» **Records**:

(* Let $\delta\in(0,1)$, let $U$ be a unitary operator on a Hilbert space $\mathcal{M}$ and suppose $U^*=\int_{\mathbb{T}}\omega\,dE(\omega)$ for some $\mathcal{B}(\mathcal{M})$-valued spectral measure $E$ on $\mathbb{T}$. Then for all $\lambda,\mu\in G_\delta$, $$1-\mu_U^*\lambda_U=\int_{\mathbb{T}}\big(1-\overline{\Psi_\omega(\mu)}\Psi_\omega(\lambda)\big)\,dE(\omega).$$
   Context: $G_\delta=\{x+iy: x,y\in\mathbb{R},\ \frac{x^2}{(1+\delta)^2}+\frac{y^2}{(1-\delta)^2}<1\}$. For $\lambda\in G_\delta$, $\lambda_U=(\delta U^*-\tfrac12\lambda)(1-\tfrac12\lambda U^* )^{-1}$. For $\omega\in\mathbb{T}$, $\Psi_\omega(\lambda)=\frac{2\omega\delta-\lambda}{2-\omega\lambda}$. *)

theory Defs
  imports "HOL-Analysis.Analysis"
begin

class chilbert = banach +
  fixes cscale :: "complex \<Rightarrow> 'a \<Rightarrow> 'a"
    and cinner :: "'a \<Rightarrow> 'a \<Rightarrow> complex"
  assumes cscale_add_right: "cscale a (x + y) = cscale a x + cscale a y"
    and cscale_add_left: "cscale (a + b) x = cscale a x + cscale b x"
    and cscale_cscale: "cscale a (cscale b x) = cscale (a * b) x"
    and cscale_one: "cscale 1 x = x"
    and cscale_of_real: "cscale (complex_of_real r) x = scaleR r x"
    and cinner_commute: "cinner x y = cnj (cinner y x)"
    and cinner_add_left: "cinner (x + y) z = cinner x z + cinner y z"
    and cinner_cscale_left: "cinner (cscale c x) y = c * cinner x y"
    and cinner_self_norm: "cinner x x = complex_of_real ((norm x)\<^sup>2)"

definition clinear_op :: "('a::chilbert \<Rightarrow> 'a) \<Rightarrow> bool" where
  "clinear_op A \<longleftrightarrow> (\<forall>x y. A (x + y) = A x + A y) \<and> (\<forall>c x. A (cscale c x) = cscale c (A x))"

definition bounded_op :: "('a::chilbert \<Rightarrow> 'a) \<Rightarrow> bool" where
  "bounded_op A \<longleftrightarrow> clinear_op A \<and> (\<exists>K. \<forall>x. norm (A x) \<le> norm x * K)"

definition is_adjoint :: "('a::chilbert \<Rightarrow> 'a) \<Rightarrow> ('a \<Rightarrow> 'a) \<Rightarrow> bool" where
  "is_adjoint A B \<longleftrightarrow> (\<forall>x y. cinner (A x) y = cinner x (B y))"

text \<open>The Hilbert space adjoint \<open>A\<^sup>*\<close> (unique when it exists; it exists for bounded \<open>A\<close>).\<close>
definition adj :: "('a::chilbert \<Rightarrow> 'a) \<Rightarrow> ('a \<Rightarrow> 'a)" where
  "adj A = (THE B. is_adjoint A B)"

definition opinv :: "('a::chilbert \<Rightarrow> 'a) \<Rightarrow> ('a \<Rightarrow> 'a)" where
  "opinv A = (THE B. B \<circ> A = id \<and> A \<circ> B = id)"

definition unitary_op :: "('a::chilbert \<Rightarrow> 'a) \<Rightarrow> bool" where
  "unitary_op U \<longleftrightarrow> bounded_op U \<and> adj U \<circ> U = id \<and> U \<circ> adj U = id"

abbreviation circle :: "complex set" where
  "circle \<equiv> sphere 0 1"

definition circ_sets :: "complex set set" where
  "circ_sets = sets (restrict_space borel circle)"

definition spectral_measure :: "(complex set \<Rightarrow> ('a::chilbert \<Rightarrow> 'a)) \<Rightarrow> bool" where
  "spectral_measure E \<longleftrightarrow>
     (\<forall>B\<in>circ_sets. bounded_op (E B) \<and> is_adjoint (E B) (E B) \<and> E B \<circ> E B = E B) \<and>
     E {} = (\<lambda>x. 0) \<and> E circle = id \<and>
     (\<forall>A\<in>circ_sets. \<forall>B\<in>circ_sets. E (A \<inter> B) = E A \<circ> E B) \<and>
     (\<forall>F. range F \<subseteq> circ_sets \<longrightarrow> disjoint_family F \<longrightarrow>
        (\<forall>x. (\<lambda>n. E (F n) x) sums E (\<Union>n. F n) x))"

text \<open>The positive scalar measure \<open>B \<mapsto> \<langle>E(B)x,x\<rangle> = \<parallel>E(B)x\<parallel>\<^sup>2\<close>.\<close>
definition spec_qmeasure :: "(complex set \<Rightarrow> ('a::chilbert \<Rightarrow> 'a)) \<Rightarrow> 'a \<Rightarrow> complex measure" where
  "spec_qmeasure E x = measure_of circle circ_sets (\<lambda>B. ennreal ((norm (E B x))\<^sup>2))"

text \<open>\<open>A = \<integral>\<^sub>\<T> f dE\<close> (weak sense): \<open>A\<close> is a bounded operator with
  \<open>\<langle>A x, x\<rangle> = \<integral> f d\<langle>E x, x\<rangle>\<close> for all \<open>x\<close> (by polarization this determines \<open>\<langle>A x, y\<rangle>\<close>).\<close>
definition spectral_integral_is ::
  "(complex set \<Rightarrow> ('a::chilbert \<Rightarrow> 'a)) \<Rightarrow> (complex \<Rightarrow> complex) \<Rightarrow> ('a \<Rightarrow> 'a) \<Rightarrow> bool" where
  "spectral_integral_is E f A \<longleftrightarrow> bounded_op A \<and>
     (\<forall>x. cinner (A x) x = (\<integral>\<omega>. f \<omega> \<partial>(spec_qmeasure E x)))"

...

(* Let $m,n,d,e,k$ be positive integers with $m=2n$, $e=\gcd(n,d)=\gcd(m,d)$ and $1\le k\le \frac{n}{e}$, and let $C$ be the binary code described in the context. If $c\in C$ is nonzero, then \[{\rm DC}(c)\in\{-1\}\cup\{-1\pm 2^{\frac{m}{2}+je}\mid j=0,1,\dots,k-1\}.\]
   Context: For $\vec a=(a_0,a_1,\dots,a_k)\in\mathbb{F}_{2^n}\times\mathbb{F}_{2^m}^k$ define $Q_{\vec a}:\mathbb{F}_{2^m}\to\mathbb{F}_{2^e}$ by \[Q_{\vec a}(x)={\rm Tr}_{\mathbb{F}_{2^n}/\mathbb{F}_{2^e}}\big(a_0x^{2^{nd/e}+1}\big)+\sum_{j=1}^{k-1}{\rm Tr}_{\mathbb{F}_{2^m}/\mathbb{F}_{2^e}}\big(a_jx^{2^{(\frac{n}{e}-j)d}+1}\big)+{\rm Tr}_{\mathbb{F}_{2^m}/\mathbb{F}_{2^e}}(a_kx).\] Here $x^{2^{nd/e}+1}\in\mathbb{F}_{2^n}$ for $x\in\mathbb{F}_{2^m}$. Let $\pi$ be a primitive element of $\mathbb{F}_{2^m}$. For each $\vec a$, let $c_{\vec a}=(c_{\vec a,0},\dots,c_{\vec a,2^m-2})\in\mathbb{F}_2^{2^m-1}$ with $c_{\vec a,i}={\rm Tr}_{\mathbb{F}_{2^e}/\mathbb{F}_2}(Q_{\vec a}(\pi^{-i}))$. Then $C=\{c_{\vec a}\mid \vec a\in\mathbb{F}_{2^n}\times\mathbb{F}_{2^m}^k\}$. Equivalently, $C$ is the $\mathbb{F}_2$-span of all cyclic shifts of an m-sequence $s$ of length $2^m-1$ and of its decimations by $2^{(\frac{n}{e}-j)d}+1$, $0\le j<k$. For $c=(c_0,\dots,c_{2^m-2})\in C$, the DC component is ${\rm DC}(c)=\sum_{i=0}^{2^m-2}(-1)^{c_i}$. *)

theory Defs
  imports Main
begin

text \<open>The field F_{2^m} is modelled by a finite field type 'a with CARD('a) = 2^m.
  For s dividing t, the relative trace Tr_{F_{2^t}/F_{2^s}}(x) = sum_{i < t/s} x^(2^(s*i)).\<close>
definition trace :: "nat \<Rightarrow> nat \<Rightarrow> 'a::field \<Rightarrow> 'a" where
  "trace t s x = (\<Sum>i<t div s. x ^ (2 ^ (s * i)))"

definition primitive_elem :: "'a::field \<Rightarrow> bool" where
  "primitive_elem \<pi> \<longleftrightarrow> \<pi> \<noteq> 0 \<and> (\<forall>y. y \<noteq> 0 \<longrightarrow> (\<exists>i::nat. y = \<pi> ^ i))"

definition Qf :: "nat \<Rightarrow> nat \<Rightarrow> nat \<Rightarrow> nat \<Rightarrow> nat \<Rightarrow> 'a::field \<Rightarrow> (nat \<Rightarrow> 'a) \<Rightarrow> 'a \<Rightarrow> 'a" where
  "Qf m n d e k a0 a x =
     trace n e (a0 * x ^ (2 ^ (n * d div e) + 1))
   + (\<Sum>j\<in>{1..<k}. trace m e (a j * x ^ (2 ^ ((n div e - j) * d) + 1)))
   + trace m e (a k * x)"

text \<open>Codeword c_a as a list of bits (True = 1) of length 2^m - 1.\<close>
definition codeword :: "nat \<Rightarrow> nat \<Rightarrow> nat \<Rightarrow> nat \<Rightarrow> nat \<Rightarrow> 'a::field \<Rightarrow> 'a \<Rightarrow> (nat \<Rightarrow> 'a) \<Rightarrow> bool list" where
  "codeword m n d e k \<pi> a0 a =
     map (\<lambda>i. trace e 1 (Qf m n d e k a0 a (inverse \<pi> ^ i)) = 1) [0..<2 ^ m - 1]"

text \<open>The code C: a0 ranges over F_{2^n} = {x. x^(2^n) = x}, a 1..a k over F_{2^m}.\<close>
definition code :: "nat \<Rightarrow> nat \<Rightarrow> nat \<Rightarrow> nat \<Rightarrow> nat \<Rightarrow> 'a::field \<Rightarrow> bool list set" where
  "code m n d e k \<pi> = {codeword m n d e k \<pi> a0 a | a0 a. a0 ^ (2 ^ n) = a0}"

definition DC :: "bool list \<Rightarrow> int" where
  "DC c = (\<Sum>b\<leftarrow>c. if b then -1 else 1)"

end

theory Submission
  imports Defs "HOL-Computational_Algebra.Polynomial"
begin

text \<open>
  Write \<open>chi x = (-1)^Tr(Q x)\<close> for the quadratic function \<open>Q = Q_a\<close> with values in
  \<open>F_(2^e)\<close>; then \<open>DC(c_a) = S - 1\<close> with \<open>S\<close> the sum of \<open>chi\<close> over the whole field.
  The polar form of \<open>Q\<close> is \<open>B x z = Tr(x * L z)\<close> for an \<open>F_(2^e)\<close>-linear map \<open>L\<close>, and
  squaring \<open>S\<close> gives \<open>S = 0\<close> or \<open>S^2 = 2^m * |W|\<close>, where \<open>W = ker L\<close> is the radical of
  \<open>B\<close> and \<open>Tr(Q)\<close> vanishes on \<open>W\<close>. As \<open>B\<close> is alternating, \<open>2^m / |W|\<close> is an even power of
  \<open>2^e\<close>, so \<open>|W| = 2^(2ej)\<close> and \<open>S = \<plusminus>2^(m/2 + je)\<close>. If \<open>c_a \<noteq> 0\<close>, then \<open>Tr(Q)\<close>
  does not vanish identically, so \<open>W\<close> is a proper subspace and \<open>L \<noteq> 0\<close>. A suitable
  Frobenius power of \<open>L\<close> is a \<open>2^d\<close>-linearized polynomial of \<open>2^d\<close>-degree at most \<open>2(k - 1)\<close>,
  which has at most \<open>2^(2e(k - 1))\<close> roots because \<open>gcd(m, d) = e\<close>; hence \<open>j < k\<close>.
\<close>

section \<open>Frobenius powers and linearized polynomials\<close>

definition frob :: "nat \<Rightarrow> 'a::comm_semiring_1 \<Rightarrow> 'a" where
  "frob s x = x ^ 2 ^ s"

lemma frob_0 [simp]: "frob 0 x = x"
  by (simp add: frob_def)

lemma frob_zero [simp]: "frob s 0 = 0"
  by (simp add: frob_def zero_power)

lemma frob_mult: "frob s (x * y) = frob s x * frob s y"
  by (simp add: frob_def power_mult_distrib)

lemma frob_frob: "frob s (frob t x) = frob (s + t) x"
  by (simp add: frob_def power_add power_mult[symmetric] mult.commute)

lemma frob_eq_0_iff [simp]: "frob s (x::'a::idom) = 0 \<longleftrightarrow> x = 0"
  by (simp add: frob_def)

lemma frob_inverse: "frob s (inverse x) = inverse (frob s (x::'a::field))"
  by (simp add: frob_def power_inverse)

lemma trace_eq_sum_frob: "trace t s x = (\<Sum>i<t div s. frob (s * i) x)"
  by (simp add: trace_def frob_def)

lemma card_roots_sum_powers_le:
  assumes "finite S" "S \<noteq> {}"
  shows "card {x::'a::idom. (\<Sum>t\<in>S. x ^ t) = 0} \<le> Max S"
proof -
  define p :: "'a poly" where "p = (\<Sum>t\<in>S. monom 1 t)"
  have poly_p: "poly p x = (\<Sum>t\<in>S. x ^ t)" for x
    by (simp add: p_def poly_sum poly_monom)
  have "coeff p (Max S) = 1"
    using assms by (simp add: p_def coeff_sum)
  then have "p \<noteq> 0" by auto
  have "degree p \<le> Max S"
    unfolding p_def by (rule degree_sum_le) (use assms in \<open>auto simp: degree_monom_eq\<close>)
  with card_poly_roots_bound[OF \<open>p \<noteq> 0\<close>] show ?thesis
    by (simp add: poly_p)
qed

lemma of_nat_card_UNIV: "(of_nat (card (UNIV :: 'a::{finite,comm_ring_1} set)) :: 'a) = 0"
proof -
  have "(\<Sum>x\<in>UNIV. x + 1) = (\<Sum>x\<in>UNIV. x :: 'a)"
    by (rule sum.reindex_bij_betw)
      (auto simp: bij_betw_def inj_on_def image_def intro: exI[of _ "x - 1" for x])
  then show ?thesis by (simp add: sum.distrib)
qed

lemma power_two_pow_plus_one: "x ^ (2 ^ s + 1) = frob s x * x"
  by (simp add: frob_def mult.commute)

» **Task to complete**: Each line above from the one with "(* Let $\delta\in(0,1)$, let" up to and including the one with "y) = cscale" must be set down exactly, and no line outside that span may appear.

» **The completed task**:
(* Let $\delta\in(0,1)$, let $U$ be a unitary operator on a Hilbert space $\mathcal{M}$ and suppose $U^*=\int_{\mathbb{T}}\omega\,dE(\omega)$ for some $\mathcal{B}(\mathcal{M})$-valued spectral measure $E$ on $\mathbb{T}$. Then for all $\lambda,\mu\in G_\delta$, $$1-\mu_U^*\lambda_U=\int_{\mathbb{T}}\big(1-\overline{\Psi_\omega(\mu)}\Psi_\omega(\lambda)\big)\,dE(\omega).$$
   Context: $G_\delta=\{x+iy: x,y\in\mathbb{R},\ \frac{x^2}{(1+\delta)^2}+\frac{y^2}{(1-\delta)^2}<1\}$. For $\lambda\in G_\delta$, $\lambda_U=(\delta U^*-\tfrac12\lambda)(1-\tfrac12\lambda U^* )^{-1}$. For $\omega\in\mathbb{T}$, $\Psi_\omega(\lambda)=\frac{2\omega\delta-\lambda}{2-\omega\lambda}$. *)

theory Defs
  imports "HOL-Analysis.Analysis"
begin

class chilbert = banach +
  fixes cscale :: "complex \<Rightarrow> 'a \<Rightarrow> 'a"
    and cinner :: "'a \<Rightarrow> 'a \<Rightarrow> complex"
  assumes cscale_add_right: "cscale a (x + y) = cscale a x + cscale a y"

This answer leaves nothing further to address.